Tuesday, January 12, 2021

A Covidious Playlist

I give you a covidious playlist, a soundtrack for life in a covidious time. Music, as ever, is a comfort suite or, as per the pandemic dictionary, a support bubble, I trust this playlist could be yours. (spotify version)

Don't Stand So Close To Me by Sting, The Roots and Jimmy Fallon


This self-isolating Zoom remix of The Police's timely message nicely sets the tone. It's a tune I had in my head the last time I was in line in a grocery store in Austin back in March. I suppose I was early to wearing masks but I had fair warning of the danger. By the second week of February, the servers at the Chinese restaurant that my work colleagues preferred were all wearing gloves and masks. Also, I am married to a historian of science who teaches the history of disease and whose friends all work in Centers for Disease Controls all over the world; they were all crying Cassandra in February.
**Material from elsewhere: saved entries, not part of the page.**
definition diag_mono :: "nat \<Rightarrow> nat \<Rightarrow> nat \<Rightarrow> bool" where
  "diag_mono d i j \<longleftrightarrow> i < j \<and> j < d \<and> j \<noteq> Suc i \<and> \<not> (i = 0 \<and> j = d - 1)"

definition Dspace :: "nat \<Rightarrow> (nat \<Rightarrow> nat \<Rightarrow> 'a::zero) set" where
  "Dspace d = {Q. \<forall>i j. \<not> diag_mono d i j \<longrightarrow> Q i j = 0}"

text \<open>\<open>\<Lambda>_k = (x_{k+1}/\<alpha>_{k+1}) n_{k+1} - (x_k/\<alpha>_k) n_{k-1}\<close>.\<close>
definition Lambda :: "nat \<Rightarrow> (nat \<Rightarrow> 'a \<times> 'a) \<Rightarrow> nat \<Rightarrow> nat \<Rightarrow> nat \<Rightarrow> 'a::field" where
  "Lambda d v k = (\<lambda>c i.
      (if i = Suc k mod d then comp3 (nvec d v (Suc k)) c / alpha d v (Suc k) else 0)
    - (if i = k mod d then comp3 (nvec d v (k + d - 1)) c / alpha d v k else 0))"

definition PsiPre :: "nat \<Rightarrow> (nat \<Rightarrow> 'a \<times> 'a) \<Rightarrow> (nat \<Rightarrow> nat \<Rightarrow> 'a::comm_ring_1) set" where
  "PsiPre d v = {F \<in> S1cube d. Psi d v F \<in> Dspace d \<inter> IC2 d v}"

definition is_basis_family :: "nat \<Rightarrow> (nat \<Rightarrow> nat \<Rightarrow> nat \<Rightarrow> 'a::field) \<Rightarrow> (nat \<Rightarrow> nat \<Rightarrow> 'a) set \<Rightarrow> bool" where
  "is_basis_family n B W \<longleftrightarrow>
     (\<forall>k<n. B k \<in> W) \<and>
     (\<forall>a. (\<lambda>c i. \<Sum>k<n. a k * B k c i) = (\<lambda>c i. 0) \<longrightarrow> (\<forall>k<n. a k = 0)) \<and>
     (\<forall>F\<in>W. \<exists>a. F = (\<lambda>c i. \<Sum>k<n. a k * B k c i))"

end

theory Submission
  imports Defs
begin

text \<open>Write \<open>F_i\<close> for the coefficient vector of \<open>x_i\<close> in \<open>F \<in> S_1^3\<close>. Since \<open>\<Psi>(F) \<in> (I_C)_2\<close>
  always, \<open>F\<close> lies in \<open>\<Psi>^{-1}(\<D> \<inter> (I_C)_2)\<close> iff the non-diagonal coefficients of \<open>\<Psi>(F)\<close> vanish:
  \<open>F_i \<cdot> v_i = 0\<close> and \<open>F_i \<cdot> v_{i+1} + F_{i+1} \<cdot> v_i = 0\<close>. The vector \<open>\<Lambda>_k\<close> has entries only at
  \<open>x_k, x_{k+1}\<close>, and \<open>\<Lambda>_k|_i \<cdot> v_{i+1} = -\<delta>_{ik}\<close>, \<open>\<Lambda>_k|_{i+1} \<cdot> v_i = \<delta>_{ik}\<close>; so the \<open>\<Lambda>_k\<close>
  satisfy these conditions and are independent. Conversely, expanding \<open>F_i\<close> in the basis
  \<open>n_i, n_{i-1}, v_{i-1} \<times> v_{i+1}\<close> dual to \<open>v_{i-1}, v_{i+1}, v_i\<close> gives
  \<open>F = \<Sum>_k -(F_k \<cdot> v_{k+1}) \<Lambda>_k\<close>.\<close>

definition dot3 :: "'a::comm_ring_1 vec3 \<Rightarrow> 'a vec3 \<Rightarrow> 'a" where
  "dot3 p q = fst p * fst q + fst (snd p) * fst (snd q) + snd (snd p) * snd (snd q)"

definition col :: "(nat \<Rightarrow> nat \<Rightarrow> 'a) \<Rightarrow> nat \<Rightarrow> 'a vec3" where
  "col F i = (F 0 i, F 1 i, F 2 i)"

definition cyc_pred :: "nat \<Rightarrow> nat \<Rightarrow> nat" where
  "cyc_pred d i = (i + d - 1) mod d"

lemma sum_lessThan_3: "(\<Sum>c<(3::nat). g c) = g 0 + g 1 + (g 2 :: 'a::comm_monoid_add)"
  by (simp add: numeral_3_eq_3 numeral_2_eq_2 add.commute add.left_commute)

lemma dot3_eq_sum_comp3: "dot3 p q = (\<Sum>c<3. comp3 p c * comp3 q c)"
  by (simp add: dot3_def sum_lessThan_3 comp3_def)

lemma dot3_col: "dot3 (col F i) q = (\<Sum>c<3. F c i * comp3 q c)"
  by (simp add: dot3_def col_def sum_lessThan_3 comp3_def)

lemma dot3_cross3: "dot3 (cross3 a b) p = det3 a b p"
  by (cases a; cases b; cases p) (simp add: dot3_def cross3_def det3_def algebra_simps)

lemma det3_rotate: "det3 a b c = det3 b c (a::'a::comm_ring_1 vec3)"
  by (cases a; cases b; cases c) (simp add: det3_def algebra_simps)

lemma det3_repeated [simp]:
  "det3 a b b = 0" "det3 a b a = 0" "det3 a a b = (0::'a::comm_ring_1)"
  by (cases a; cases b; simp add: det3_def algebra_simps)+

lemma cross3_expansion:
  assumes "c < 3"
  shows "det3 u v w * comp3 f c = dot3 f u * comp3 (cross3 v w) c + dot3 f v * comp3 (cross3 w u) c
           + dot3 f w * comp3 (cross3 u v) c"
proof -
  obtain u1 u2 u3 v1 v2 v3 w1 w2 w3 f1 f2 f3 where
    "u = (u1, u2, u3)" "v = (v1, v2, v3)" "w = (w1, w2, w3)" "f = (f1, f2, f3)"
    by (metis prod.exhaust)
  moreover have "c = 0 \<or> c = 1 \<or> c = 2" using assms by auto
  ultimately show ?thesis
    by (auto simp: dot3_def comp3_def cross3_def det3_def algebra_simps)
qed

lemma hvert_mod [simp]: "hvert d v (i mod d) = hvert d v i"
  by (simp add: hvert_def)

lemma hvert_Suc_mod [simp]: "hvert d v (Suc (i mod d)) = hvert d v (Suc i)"
  by (simp add: hvert_def mod_Suc_eq)

lemma hvert_add_self [simp]: "hvert d v (i + d) = hvert d v i"
  by (simp add: hvert_def)

lemma hvert_cyc_pred [simp]: "hvert d v (cyc_pred d i) = hvert d v (i + d - 1)"
  by (simp add: cyc_pred_def)

lemma cyc_pred_less: "0 < d \<Longrightarrow> cyc_pred d i < d"
  by (simp add: cyc_pred_def)

lemma Suc_mod_eq_iff_cyc_pred:
  assumes "k < d" "i < d"
  shows "i = Suc k mod d \<longleftrightarrow> k = cyc_pred d i"
  using assms by (cases "Suc k = d"; cases "i = 0") (auto simp: cyc_pred_def mod_if)

lemma cyc_pred_Suc_mod: "i < d \<Longrightarrow> cyc_pred d (Suc i mod d) = i"
  using Suc_mod_eq_iff_cyc_pred[of i d "Suc i mod d"] by simp

lemma nvec_mod [simp]: "nvec d v (i mod d) = nvec d v i"
  by (simp add: nvec_def)

lemma nvec_pred: "0 < d \<Longrightarrow> nvec d v (i + d - 1) = cross3 (hvert d v (i + d - 1)) (hvert d v i)"
  by (simp add: nvec_def)

lemma alpha_mod [simp]: "0 < d \<Longrightarrow> alpha d v (j mod d) = alpha d v j"
proof -
  assume "0 < d"
  then have "(j mod d + d - 1) mod d = (j + d - 1) mod d"
    using mod_add_left_eq[of j d "d - 1"] by simp
  then have "hvert d v (j mod d + d - 1) = hvert d v (j + d - 1)"
    by (metis hvert_mod)
  then show ?thesis by (simp add: alpha_def)
qed

lemma alpha_nonzero:
  fixes v :: "nat \<Rightarrow> 'a::linordered_field \<times> 'a"
  assumes conv: "convex_polygon d v" and "i < d"
  shows "alpha d v i \<noteq> 0"
proof -
  have d3: "3 \<le> d" using conv by (simp add: convex_polygon_def)
  have "alpha d v i = det3 (hvert d v i) (hvert d v (Suc i)) (hvert d v (cyc_pred d i))"
    by (simp add: alpha_def det3_rotate)
  moreover have "cyc_pred d i < d" "cyc_pred d i \<noteq> i" "cyc_pred d i \<noteq> Suc i mod d"
    using assms d3 by (auto simp: cyc_pred_def mod_if)
  ultimately show ?thesis
    using conv \<open>i < d\<close> unfolding convex_polygon_def by fastforce
qed

lemma Psi_diag: "i < d \<Longrightarrow> Psi d v F i i = dot3 (col F i) (hvert d v i)"
  by (simp add: Psi_def qmul_def tau_def sum_lessThan_3 dot3_def col_def comp3_def algebra_simps)

lemma Psi_offdiag:
  "i < j \<Longrightarrow> j < d \<Longrightarrow> Psi d v F i j = dot3 (col F i) (hvert d v j) + dot3 (col F j) (hvert d v i)"
  by (simp add: Psi_def qmul_def tau_def sum_lessThan_3 dot3_def col_def comp3_def algebra_simps)

lemma Psi_outside: "F \<in> S1cube d \<Longrightarrow> \<not> (i \<le> j \<and> j < d) \<Longrightarrow> Psi d v F i j = 0"
  by (auto simp: Psi_def qmul_def tau_def S1cube_def intro!: sum.neutral)

lemma Psi_mem_IC2: "F \<in> S1cube d \<Longrightarrow> Psi d v F \<in> IC2 d v"
  unfolding IC2_def Psi_def by blast

lemma PsiPre_iff:
  assumes "3 \<le> d"
  shows "F \<in> PsiPre d v \<longleftrightarrow> F \<in> S1cube d \<and>
    (\<forall>i<d. dot3 (col F i) (hvert d v i) = 0 \<and>
       dot3 (col F i) (hvert d v (Suc i)) + dot3 (col F (Suc i mod d)) (hvert d v i) = 0)"
    (is "_ \<longleftrightarrow> _ \<and> (\<forall>i<d. ?vertex i \<and> ?edge i)")
proof
  assume F: "F \<in> PsiPre d v"
  then have S: "F \<in> S1cube d" and D: "\<And>i j. \<not> diag_mono d i j \<Longrightarrow> Psi d v F i j = 0"
    by (auto simp: PsiPre_def Dspace_def)
  have "?vertex i \<and> ?edge i" if "i < d" for i
  proof
    show "?vertex i" using D[of i i] Psi_diag[OF that, of v F] by (simp add: diag_mono_def)
    show "?edge i"
    proof (cases "Suc i < d")
      case True
      then show ?thesis using D[of i "Suc i"] Psi_offdiag[of i "Suc i" d v F] by (simp add: diag_mono_def)
    next
      case False
      with that have "Suc i = d" by simp
      then have "i = d - 1" "Suc i mod d = 0" "hvert d v (Suc i) = hvert d v 0"
        by (auto simp: hvert_def)
      then show ?thesis using D[of 0 "d - 1"] Psi_offdiag[of 0 "d - 1" d v F] assms
        by (simp add: diag_mono_def add.commute)
    qed
  qed
  with S show "F \<in> S1cube d \<and> (\<forall>i<d. ?vertex i \<and> ?edge i)" by blast
next
  assume "F \<in> S1cube d \<and> (\<forall>i<d. ?vertex i \<and> ?edge i)"
  then have S: "F \<in> S1cube d" and V: "\<And>i. i < d \<Longrightarrow> ?vertex i"
    and E: "\<And>i. i < d \<Longrightarrow> ?edge i" by auto
  have "Psi d v F i j = 0" if "\<not> diag_mono d i j" for i j
  proof (cases "i < j \<and> j < d")
    case False
    then show ?thesis using Psi_outside[OF S] Psi_diag V by (metis le_neq_implies_less)
  next
    case True
    with that consider "j = Suc i" | "i = 0" "j = d - 1" by (auto simp: diag_mono_def)
    then show ?thesis
    proof cases
      case 1
      then show ?thesis using E[of i] True Psi_offdiag[of i j d v F] by simp
    next
      case 2
      then have "Suc (d - 1) mod d = 0" "hvert d v (Suc (d - 1)) = hvert d v 0"
        using assms by (auto simp: hvert_def)
      then show ?thesis using E[of "d - 1"] 2 True Psi_offdiag[of i j d v F] by (simp add: add.commute)
    qed
  qed
  then show "F \<in> PsiPre d v" using S Psi_mem_IC2 by (auto simp: PsiPre_def Dspace_def)
qed

lemma Lambda_entry:
  assumes "k < d" "i < d"
  shows "Lambda d v k c i =
    (if k = cyc_pred d i then comp3 (nvec d v i) c / alpha d v i else 0)
  - (if k = i then comp3 (nvec d v (i + d - 1)) c / alpha d v i else 0)"
proof -
  have "0 < d" using assms by simp
  then have "nvec d v (Suc k) = nvec d v i" "alpha d v (Suc k) = alpha d v i" if "i = Suc k mod d"
    using that by (metis nvec_mod, metis alpha_mod)
  then show ?thesis
    using assms Suc_mod_eq_iff_cyc_pred[OF assms] by (auto simp: Lambda_def)
qed

lemma dot3_col_Lambda:
  assumes "k < d" "i < d"
  shows "dot3 (col (Lambda d v k) i) p =
    (if k = cyc_pred d i then det3 (hvert d v i) (hvert d v (Suc i)) p / alpha d v i else 0)
  - (if k = i then det3 (hvert d v (i + d - 1)) (hvert d v i) p / alpha d v i else 0)"
  using assms
  by (simp add: dot3_col Lambda_entry[OF assms] nvec_pred nvec_def flip: dot3_cross3)
     (simp add: dot3_eq_sum_comp3 sum_subtractf sum_negf sum_divide_distrib left_diff_distrib)

lemma Lambda_dot_vertex:
  assumes "k < d" "i < d"
  shows "dot3 (col (Lambda d v k) i) (hvert d v i) = 0"
  by (simp add: dot3_col_Lambda[OF assms])

lemma Lambda_dot_next_vertex:
  assumes "k < d" "i < d" "alpha d v i \<noteq> 0"
  shows "dot3 (col (Lambda d v k) i) (hvert d v (Suc i)) = (if k = i then -1 else 0)"
proof -
  have "det3 (hvert d v (i + d - 1)) (hvert d v i) (hvert d v (Suc i)) = alpha d v i"
    by (simp add: alpha_def)
  then show ?thesis using assms(3) by (simp add: dot3_col_Lambda[OF assms(1,2)])
qed

lemma Lambda_dot_prev_vertex:
  assumes "k < d" "i < d" "alpha d v (Suc i mod d) \<noteq> 0"
  shows "dot3 (col (Lambda d v k) (Suc i mod d)) (hvert d v i) = (if k = i then 1 else 0)"
proof -
  define j where "j = Suc i mod d"
  have j: "j < d" "cyc_pred d j = i" using assms(2) by (simp_all add: j_def cyc_pred_Suc_mod)
  then have prev: "hvert d v (j + d - 1) = hvert d v i" by (metis hvert_cyc_pred)
  have "det3 (hvert d v j) (hvert d v (Suc j)) (hvert d v i) = alpha d v j"
    unfolding alpha_def prev by (rule det3_rotate[symmetric])
  then show ?thesis
    using assms(3) unfolding dot3_col_Lambda[OF assms(1) j(1)] prev j_def[symmetric]
    by (simp add: j)
qed

lemma Lambda_in_S1cube:
  assumes "k < d"
  shows "Lambda d v k \<in> S1cube d"
proof -
  have "Suc k mod d < d" using assms by simp
  then show ?thesis using assms unfolding S1cube_def Lambda_def comp3_def
    by (auto dest: leD)
qed

lemma comp3_col: "c < 3 \<Longrightarrow> comp3 (col F i) c = F c i"
  by (auto simp: comp3_def col_def less_Suc_eq numeral_3_eq_3)

lemma dot3_col_sum:
  "dot3 (col (\<lambda>c i. \<Sum>k\<in>A. a k * B k c i) i) p = (\<Sum>k\<in>A. a k * dot3 (col (B k) i) p)"
  unfolding dot3_col sum_distrib_left sum_distrib_right mult.assoc by (rule sum.swap)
I was early to despair but it appears that many others are still debating the point.

U Can't Touch This by MC Hammer


The album was titled Please Hammer Don't Hurt 'Em. Doing a spot of long delayed covidious spring cleaning, I came across a pair of baggy trousers that aided my running man histrionics circa 1989-1990. A friend also blackmailed me with a 3 second clip of the kind of youthful indiscretion that you are wont to get into at boarding school. The virus has made us all untouchable.

Close to You by Maxi Priest


Maxi gets to the heart of the business, the frustration felt by many separated from their loved ones. I miss all of you.

Tempted to Touch by Beres Hammond


The golden voice of lovers rock yearns for contact.

Touch is a conversation in another language.

Reach out and Touch (Somebody's Hand) by Diana Ross


Homo sapiens are social beasts and our desire for connection is both a source of our vitality and, in this pandemic, a public health disaster. The most emotional rendition of this song was at the close of the Motown 25 show, a fitting letdown after the Billie Jean histrionics. The things we have lost.

Positivity by Prince


A few US governors contributed new lyrics to a covidious remix of Prince's funk epic. Their wishful thinking met the reality of rising positivity rates and, well, uncontrolled community spread. He ended the song quite aptly

Hold on to your soul
We've got a long way to go.

Breathe Life into Me by Mica Paris


Preach it Mica. This song has been my soul therapy for the longest. It can now serve as a ventilator in extremis, perhaps the W.H.O. can prescribe it against the disease, it is far more effective than Presidential bleach. The album is aptly titled So Good. Indeed.

Touch You by Al B. Sure


This was the lead track of the Touch playlist and it was fitting. There was no sophomore slump for Al B and the album title is timely: Private Times and the Whole 9. We are all having a lot of private times these days, he prepared us for the second wave.

in a covidious time

They Long To Be Close To You by Dionne Warwick


Keeping things mellow, this is the ballad of the grandparents and hangout zoom skype facetime afflicted. This b-side opener harkens back to Maxi Priest's message.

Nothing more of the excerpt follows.